The latest Industrial Exports Survey for the first quarter of 2025 reveals a cautious outlook among manufacturers about export prospects in the coming six months, according to the Statistics and Census Service (DSEC) report released Friday.
While key export sectors remain active, concerns over orders and competitive pressures weigh heavily on industry sentiment.
The DSEC report highlights pharmaceutical products, electronic products and electrical appliances, alcoholic beverages and tobacco, garments, and other food products as the major exports in the first quarter of 2025.
In May, total merchandise exports rose 2.3% year over year to MOP1.06 billion. Imports fell 4.5% to MOP10.05 billion, resulting in a trade deficit of MOP9 billion for the month.
From January to May, exports increased by 2.3% to MOP5.67 billion, while imports dropped by 5.5% to MOP50.69 billion.
In the first quarter of 2025, manufacturers reported an average of three months of confirmed orders on hand, a slight decline of 0.4 months from the previous quarter.
The wearing apparel sector led with 4.9 months of orders, followed by pharmaceuticals at 4.4 months and electronics at 3.4 months.
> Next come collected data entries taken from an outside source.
lemma OU_translate_closure_into:
  assumes K: "OU d x0 K" and x: "x \<in> closure K" and e: "0 < e"
    and inside: "\<forall>j<d. x0 j + e \<le> x j"
  shows "restrict (\<lambda>j. x j - e) {..<d} \<in> K"
proof -
  define U where "U = {z::nat\<Rightarrow>real. \<forall>j<d. x j - e < z j}"
  have "U = (\<Inter>j<d. {z. x j - e < z j})" by (auto simp: U_def)
  then have "open U"
    by (simp only:) (intro open_INT finite_lessThan ballI open_Collect_less
        continuous_on_product_coordinates continuous_intros)
  moreover have "x \<in> U" using e by (simp add: U_def)
  ultimately have "U \<inter> K \<noteq> {}"
    using x open_Int_closure_eq_empty[of U K] by blast
  then obtain z where z: "z \<in> K" "\<forall>j<d. x j - e < z j" by (auto simp: U_def)
  have "restrict (\<lambda>j. x j - e) {..<d} \<in> D0 d x0" using inside by (simp add: D0_def le_diff_eq)
  moreover have "\<forall>j<d. restrict (\<lambda>j. x j - e) {..<d} j \<le> z j" using z(2) by (simp add: less_imp_le)
  ultimately show ?thesis using K z(1) unfolding OU_def by blast
qed

lemma D0_int_uniformly_inside:
  assumes "x \<in> D0_int d x0"
  obtains m :: nat where "\<forall>j<d. x0 j + 1 / real (Suc m) \<le> x j"
proof -
  define \<delta> where "\<delta> = Min (insert 1 ((\<lambda>j. x j - x0 j) ` {..<d}))"
  have "0 < \<delta>" using assms by (auto simp: \<delta>_def D0_int_def)
  then obtain m where m: "1 / real (Suc m) < \<delta>"
    using reals_Archimedean by (auto simp: inverse_eq_divide)
  have "\<delta> \<le> x j - x0 j" if "j < d" for j using that by (auto simp: \<delta>_def)
  with m have "\<forall>j<d. x0 j + 1 / real (Suc m) \<le> x j" by force
  then show thesis by (rule that)
qed
(* Let $p\ge 1$ and let $(s_n)_{n\in\mathbb{N}}\subset(0,1)$ with $s_n\to0^+$. Let $u\in W^{s_1,p}(\mathbb{T}_T^d)$. Then \[ \lim_{n\to+\infty} s_n\,\mathcal{F}^{s_n}_p(u)=\frac{d\,\omega_d}{p\,T^d}\,\mathcal{F}^0_p(u). \]
   Context: $T>0$, $Q_T=[0,T]^d$. $L^p(\mathbb{T}_T^d)$ is the space of measurable $u:\mathbb{R}^d\to\mathbb{R}$ which are $T$-periodic in each coordinate direction (a.e.) with $u|_{Q_T}\in L^p(Q_T)$. For $s\in(0,1)$, $\mathcal{F}_p^s(u)=\int_{Q_T}\int_{\mathbb{R}^d}\frac{|u(x)-u(y)|^p}{|x-y|^{d+sp}}\,\mathrm{d}y\,\mathrm{d}x$, and $W^{s,p}(\mathbb{T}_T^d)=\{u\in L^p(\mathbb{T}_T^d):\mathcal{F}_p^s(u)<+\infty\}$. $\mathcal{F}_p^0(u)=\int_{Q_T}\int_{Q_T}|u(x)-u(y)|^p\,\mathrm{d}y\,\mathrm{d}x$. $\omega_d$ denotes the Lebesgue measure of the unit ball of $\mathbb{R}^d$ (so $d\omega_d=\mathcal{H}^{d-1}(\mathbb{S}^{d-1})$). *)

theory Defs
  imports "HOL-Analysis.Analysis"
begin

definition QT :: "real \<Rightarrow> 'a::euclidean_space set" where
  "QT T = cbox 0 (\<Sum>b\<in>Basis. T *\<^sub>R b)"

definition Lp_torus :: "real \<Rightarrow> real \<Rightarrow> ('a::euclidean_space \<Rightarrow> real) \<Rightarrow> bool" where
  "Lp_torus T p u \<longleftrightarrow>
     u \<in> borel_measurable lebesgue \<and>
     (\<forall>b\<in>Basis. AE x in lebesgue. u (x + T *\<^sub>R b) = u x) \<and>
     (\<integral>\<^sup>+ x \<in> QT T. ennreal (\<bar>u x\<bar> powr p) \<partial>lebesgue) < \<infinity>"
Other non-textile products held only one month of orders.
The Composite Index of Quarterly Orders by Market showed that the Asia-Pacific region (excluding mainland China, Hong Kong, and Japan) had the strongest growth, increasing by 25.6%. In contrast, exports to the United States faced a much weaker outlook, with the index dropping by 43.3%.
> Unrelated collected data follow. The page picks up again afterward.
(* Let $n\in\mathbb{N}$, $a<b$, and let $f:[a,b]\to\mathbb{R}$ be $(2n-1)$-convex. If $x_1,\dots,x_n\in(a,b)$, then there exists a polynomial $p\in\Pi_{2n-1}$ such that $p(x_i)=f(x_i)$ for $i=1,\dots,n$ and $p(x)\le f(x)$ for all $x\in[a,b]$.
   Context: $\Pi_m$ denotes the set of real polynomials of degree at most $m$. Divided differences are defined recursively by $[x_1;f]:=f(x_1)$ and $[x_1,\dots,x_{m+1};f]:=\frac{[x_2,\dots,x_{m+1};f]-[x_1,\dots,x_m;f]}{x_{m+1}-x_1}$ for pairwise distinct points. For $m\in\mathbb{N}$, a function $f$ on an interval $I$ is called $m$-convex if $[x_1,\dots,x_{m+2};f]\ge 0$ for all pairwise distinct $x_1,\dots,x_{m+2}\in I$. *)

theory Defs
  imports Complex_Main "HOL-Computational_Algebra.Polynomial"
begin

fun divdiff :: "real list \<Rightarrow> (real \<Rightarrow> real) \<Rightarrow> real" where
  "divdiff [] f = 0"
| "divdiff [x] f = f x"
| "divdiff (x # y # ys) f =
     (divdiff (y # ys) f - divdiff (butlast (x # y # ys)) f) / (last (y # ys) - x)"

definition m_convex :: "nat \<Rightarrow> real set \<Rightarrow> (real \<Rightarrow> real) \<Rightarrow> bool" where
  "m_convex m I f \<longleftrightarrow>
     (\<forall>xs. length xs = m + 2 \<longrightarrow> distinct xs \<longrightarrow> set xs \<subseteq> I \<longrightarrow> divdiff xs f \<ge> 0)"

end

theory Submission
  imports Defs "HOL-Analysis.Analysis"
begin

text \<open>Interpolate f at the 2n nodes y and y + d (y \<in> Y). At any other point t the error
  f t - p t is the divided difference of f on these nodes and t, nonnegative by
  (2n-1)-convexity, times \<Prod>y\<in>Y. (t - y) (t - y - d), which is nonnegative unless t lies in
  one of the short gaps (y, y + d). So for every finite T \<subseteq> [a,b] a small enough d yields a
  polynomial that interpolates f on Y and lies below f on T.

  Now fix one such d. Any polynomial of degree < 2n agreeing with f on Y is determined by its
  values at the shifted nodes y + d. For the polynomials lying below f at a and at the shifted
  nodes, these values are confined to a compact box: they are bounded above by f, and below
  because the Lagrange basis polynomials of the shifted nodes are negative at a. The finite
  intersection property of the box then yields one polynomial lying below f on all of [a,b].\<close>

text \<open>Unlike the recursive divided difference, this form depends only on the set of nodes.\<close>

definition divdiff_set :: "real set \<Rightarrow> (real \<Rightarrow> real) \<Rightarrow> real" where
  "divdiff_set S f = (\<Sum>u\<in>S. f u / (\<Prod>v\<in>S - {u}. u - v))"

lemma divdiff_set_term_recurrence:
  fixes S :: "real set"
  assumes S: "finite S" "x \<in> S" "l \<in> S" "x \<noteq> l" and u: "u \<in> S"
  shows "(l - x) * (f u / (\<Prod>v\<in>S - {u}. u - v)) =
    (if u = x then 0 else f u / (\<Prod>v\<in>S - {x} - {u}. u - v)) -
    (if u = l then 0 else f u / (\<Prod>v\<in>S - {l} - {u}. u - v))"
proof -
  have remove: "(\<Prod>v\<in>A. u - v) = (u - w) * (\<Prod>v\<in>A - {w}. u - v)"
    if "A \<subseteq> S" "w \<in> A" for A w
    using that S(1) by (simp add: prod.remove finite_subset)
  consider "u = x" | "u = l" | "u \<noteq> x" "u \<noteq> l" by blast
  then show ?thesis
  proof cases
    case 1
    define P where "P = (\<Prod>v\<in>S - {x} - {l}. x - v)"
    have "P \<noteq> 0" "x - l \<noteq> 0" unfolding P_def using S by auto
    moreover have e: "(\<Prod>v\<in>S - {x}. x - v) = (x - l) * P"
      using S remove[of "S - {x}" l] unfolding 1 P_def by simp
    moreover have "S - {l} - {x} = S - {x} - {l}" by blast
    ultimately show ?thesis unfolding 1 by (simp only: e P_def[symmetric]) (simp add: field_simps)
  next
    case 2
    define P where "P = (\<Prod>v\<in>S - {l} - {x}. l - v)"
    have "P \<noteq> 0" "l - x \<noteq> 0" unfolding P_def using S by auto
    moreover have e: "(\<Prod>v\<in>S - {l}. l - v) = (l - x) * P"
      using S remove[of "S - {l}" x] unfolding 2 P_def by simp
    moreover have "S - {x} - {l} = S - {l} - {x}" by blast
    ultimately show ?thesis unfolding 2 using S(4)
      by (simp only: e P_def[symmetric]) (simp add: field_simps)
  next
    case 3
    define Q where "Q = S - {u} - {x} - {l}"
    define P where "P = (\<Prod>v\<in>Q. u - v)"
    have "S - {x} - {u} - {l} = Q" "S - {l} - {u} - {x} = Q" unfolding Q_def by blast+
    then have e: "(\<Prod>v\<in>S - {u}. u - v) = (u - x) * ((u - l) * P)"
      "(\<Prod>v\<in>S - {x} - {u}. u - v) = (u - l) * P"
      "(\<Prod>v\<in>S - {l} - {u}. u - v) = (u - x) * P"
      using 3 S remove[of "S - {u}" x] remove[of "S - {u} - {x}" l]
        remove[of "S - {x} - {u}" l] remove[of "S - {l} - {u}" x]
      unfolding P_def Q_def by auto
    moreover have "P \<noteq> 0" "u - x \<noteq> 0" "u - l \<noteq> 0" unfolding P_def Q_def using S 3 by auto
    moreover have partial_fractions: "(A - B) * (c / (A * (B * P))) = c / (B * P) - c / (A * P)"
      if "A \<noteq> 0" "B \<noteq> 0" "P \<noteq> 0" for A B c :: real
      using that by (simp add: field_simps)
    moreover have "(u - x) - (u - l) = l - x" by simp
    ultimately have "(l - x) * (f u / ((u - x) * ((u - l) * P))) =
        f u / ((u - l) * P) - f u / ((u - x) * P)"
      by metis
    then show ?thesis using 3 by (simp only: e) simp
  qed
qed

lemma divdiff_set_remove:
  assumes "finite S" "w \<in> S"
  shows "divdiff_set (S - {w}) f = (\<Sum>u\<in>S. if u = w then 0 else f u / (\<Prod>v\<in>S - {w} - {u}. u - v))"
  using assms by (simp add: divdiff_set_def sum.If_cases Diff_eq Int_commute)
According to DSEC’s Q1 data, optimism about export prospects for the next six months increased slightly, with 26.9% of manufacturers feeling positive – up from 23%. However, pessimism grew sharply.
The percentage of manufacturers with a negative outlook rose by 29.2 percentage points, reaching 52.3%. At the same time, those expecting no major change in exports dropped significantly, falling from 53.9% last quarter to just 20.8%, a decrease of 33.1 percentage points.